## Task directions
Set the data down once more, exactly as it is written.

## Data section
(* Let $n,m\ge1$, $\vec v\in\hat N^n$, $\vec w\in\hat N^m$, and define $\vec v\nearrow\vec w=(v_1,\dots,v_n,\ n\triangleright w_1,\dots,n\triangleright w_m)$ and $\vec v\nwarrow\vec w=(v_1,\dots,v_n,\ w_1+n,\dots,w_m+n)$, where $n\triangleright a=a+n$ if $a\neq1$ and $n\triangleright 1=1$. Then: (i) $\vec v\nearrow\vec w,\ \vec v\nwarrow\vec w\in\hat N^{n+m}$, and for trees $\pi,\tau$ one has $\mathrm{name}(\pi\nearrow\tau)=\mathrm{name}(\pi)\nearrow\mathrm{name}(\tau)$ and $\mathrm{name}(\pi\nwarrow\tau)=\mathrm{name}(\pi)\nwarrow\mathrm{name}(\tau)$; (ii) both operations are associative on $\bigcup_{n\ge1}\hat N^n$ and satisfy $(\vec u\nearrow\vec v)\nwarrow\vec w=\vec u\nearrow(\vec v\nwarrow\vec w)$; hence, extended bilinearly, they make $\bigoplus_{n\ge1}K\hat N^n$ an associative $L$-algebra, and $\mathrm{name}$ (extended linearly) is an isomorphism of associative $L$-algebras from $\bigoplus_{n\ge1}KY_n$ (with the tree operations) onto it; (iii) $M(\vec v\nearrow\vec w)=M(\vec v)M(\vec w)$, and $M(\vec v\nwarrow\vec w)=(-1)^mM(\vec v)$ if $\vec w=(1,2,\dots,m)$, while $M(\vec v\nwarrow\vec w)=0$ otherwise.
   Context: $K$ is a field of characteristic zero. $Y_n$ is the set of planar rooted binary trees with $n$ internal vertices ($n+1$ leaves) up to isotopy. For trees $\pi,\tau$ with at least one internal vertex, $\pi\nearrow\tau$ ("over") is the tree $\tau$ with its leftmost leaf identified with the root of $\pi$, and $\pi\nwarrow\tau$ ("under") is the tree $\pi$ with its rightmost leaf identified with the root of $\tau$. A complete expression in $x_1,\dots,x_{n+1}$ is a full binary parenthesization of $x_1\cdots x_{n+1}$ (every product of two factors, including the outermost, in parentheses); trees correspond bijectively to complete expressions via $|\mapsto x_1$, $\tau_1\vee\tau_2\mapsto(E_1E_2)$ with consecutive relabelling, $\tau_1\vee\tau_2$ being the tree with new root, left subtree $\tau_1$, right subtree $\tau_2$. The name of $\tau\in Y_n$ is the vector $\vec v\in\mathbb N^n$ with $v_i=i$ if at least one left parenthesis stands immediately left of $x_i$ in the complete expression; otherwise the rightmost of the right parentheses immediately following $x_i$ matches a left parenthesis in the run immediately preceding some $x_j$, and $v_i=j$. $\hat N^n$ is the set of names of trees of $Y_n$. An associative $L$-algebra is a vector space with two associative bilinear products $\nearrow,\nwarrow$ satisfying $(x\nearrow y)\nwarrow z=x\nearrow(y\nwarrow z)$. $M(\vec v)=\mu((1,\dots,1),\vec v)$ where $\mu$ is the Möbius function of $\hat N^n$ with the componentwise order ($\vec v\le\vec w$ iff $v_i\le w_i$ for all $i$). *)

theory Defs
  imports Main
begin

## Solution to this problem
(* Let $n,m\ge1$, $\vec v\in\hat N^n$, $\vec w\in\hat N^m$, and define $\vec v\nearrow\vec w=(v_1,\dots,v_n,\ n\triangleright w_1,\dots,n\triangleright w_m)$ and $\vec v\nwarrow\vec w=(v_1,\dots,v_n,\ w_1+n,\dots,w_m+n)$, where $n\triangleright a=a+n$ if $a\neq1$ and $n\triangleright 1=1$. Then: (i) $\vec v\nearrow\vec w,\ \vec v\nwarrow\vec w\in\hat N^{n+m}$, and for trees $\pi,\tau$ one has $\mathrm{name}(\pi\nearrow\tau)=\mathrm{name}(\pi)\nearrow\mathrm{name}(\tau)$ and $\mathrm{name}(\pi\nwarrow\tau)=\mathrm{name}(\pi)\nwarrow\mathrm{name}(\tau)$; (ii) both operations are associative on $\bigcup_{n\ge1}\hat N^n$ and satisfy $(\vec u\nearrow\vec v)\nwarrow\vec w=\vec u\nearrow(\vec v\nwarrow\vec w)$; hence, extended bilinearly, they make $\bigoplus_{n\ge1}K\hat N^n$ an associative $L$-algebra, and $\mathrm{name}$ (extended linearly) is an isomorphism of associative $L$-algebras from $\bigoplus_{n\ge1}KY_n$ (with the tree operations) onto it; (iii) $M(\vec v\nearrow\vec w)=M(\vec v)M(\vec w)$, and $M(\vec v\nwarrow\vec w)=(-1)^mM(\vec v)$ if $\vec w=(1,2,\dots,m)$, while $M(\vec v\nwarrow\vec w)=0$ otherwise.
   Context: $K$ is a field of characteristic zero. $Y_n$ is the set of planar rooted binary trees with $n$ internal vertices ($n+1$ leaves) up to isotopy. For trees $\pi,\tau$ with at least one internal vertex, $\pi\nearrow\tau$ ("over") is the tree $\tau$ with its leftmost leaf identified with the root of $\pi$, and $\pi\nwarrow\tau$ ("under") is the tree $\pi$ with its rightmost leaf identified with the root of $\tau$. A complete expression in $x_1,\dots,x_{n+1}$ is a full binary parenthesization of $x_1\cdots x_{n+1}$ (every product of two factors, including the outermost, in parentheses); trees correspond bijectively to complete expressions via $|\mapsto x_1$, $\tau_1\vee\tau_2\mapsto(E_1E_2)$ with consecutive relabelling, $\tau_1\vee\tau_2$ being the tree with new root, left subtree $\tau_1$, right subtree $\tau_2$. The name of $\tau\in Y_n$ is the vector $\vec v\in\mathbb N^n$ with $v_i=i$ if at least one left parenthesis stands immediately left of $x_i$ in the complete expression; otherwise the rightmost of the right parentheses immediately following $x_i$ matches a left parenthesis in the run immediately preceding some $x_j$, and $v_i=j$. $\hat N^n$ is the set of names of trees of $Y_n$. An associative $L$-algebra is a vector space with two associative bilinear products $\nearrow,\nwarrow$ satisfying $(x\nearrow y)\nwarrow z=x\nearrow(y\nwarrow z)$. $M(\vec v)=\mu((1,\dots,1),\vec v)$ where $\mu$ is the Möbius function of $\hat N^n$ with the componentwise order ($\vec v\le\vec w$ iff $v_i\le w_i$ for all $i$). *)

theory Defs
  imports Main
begin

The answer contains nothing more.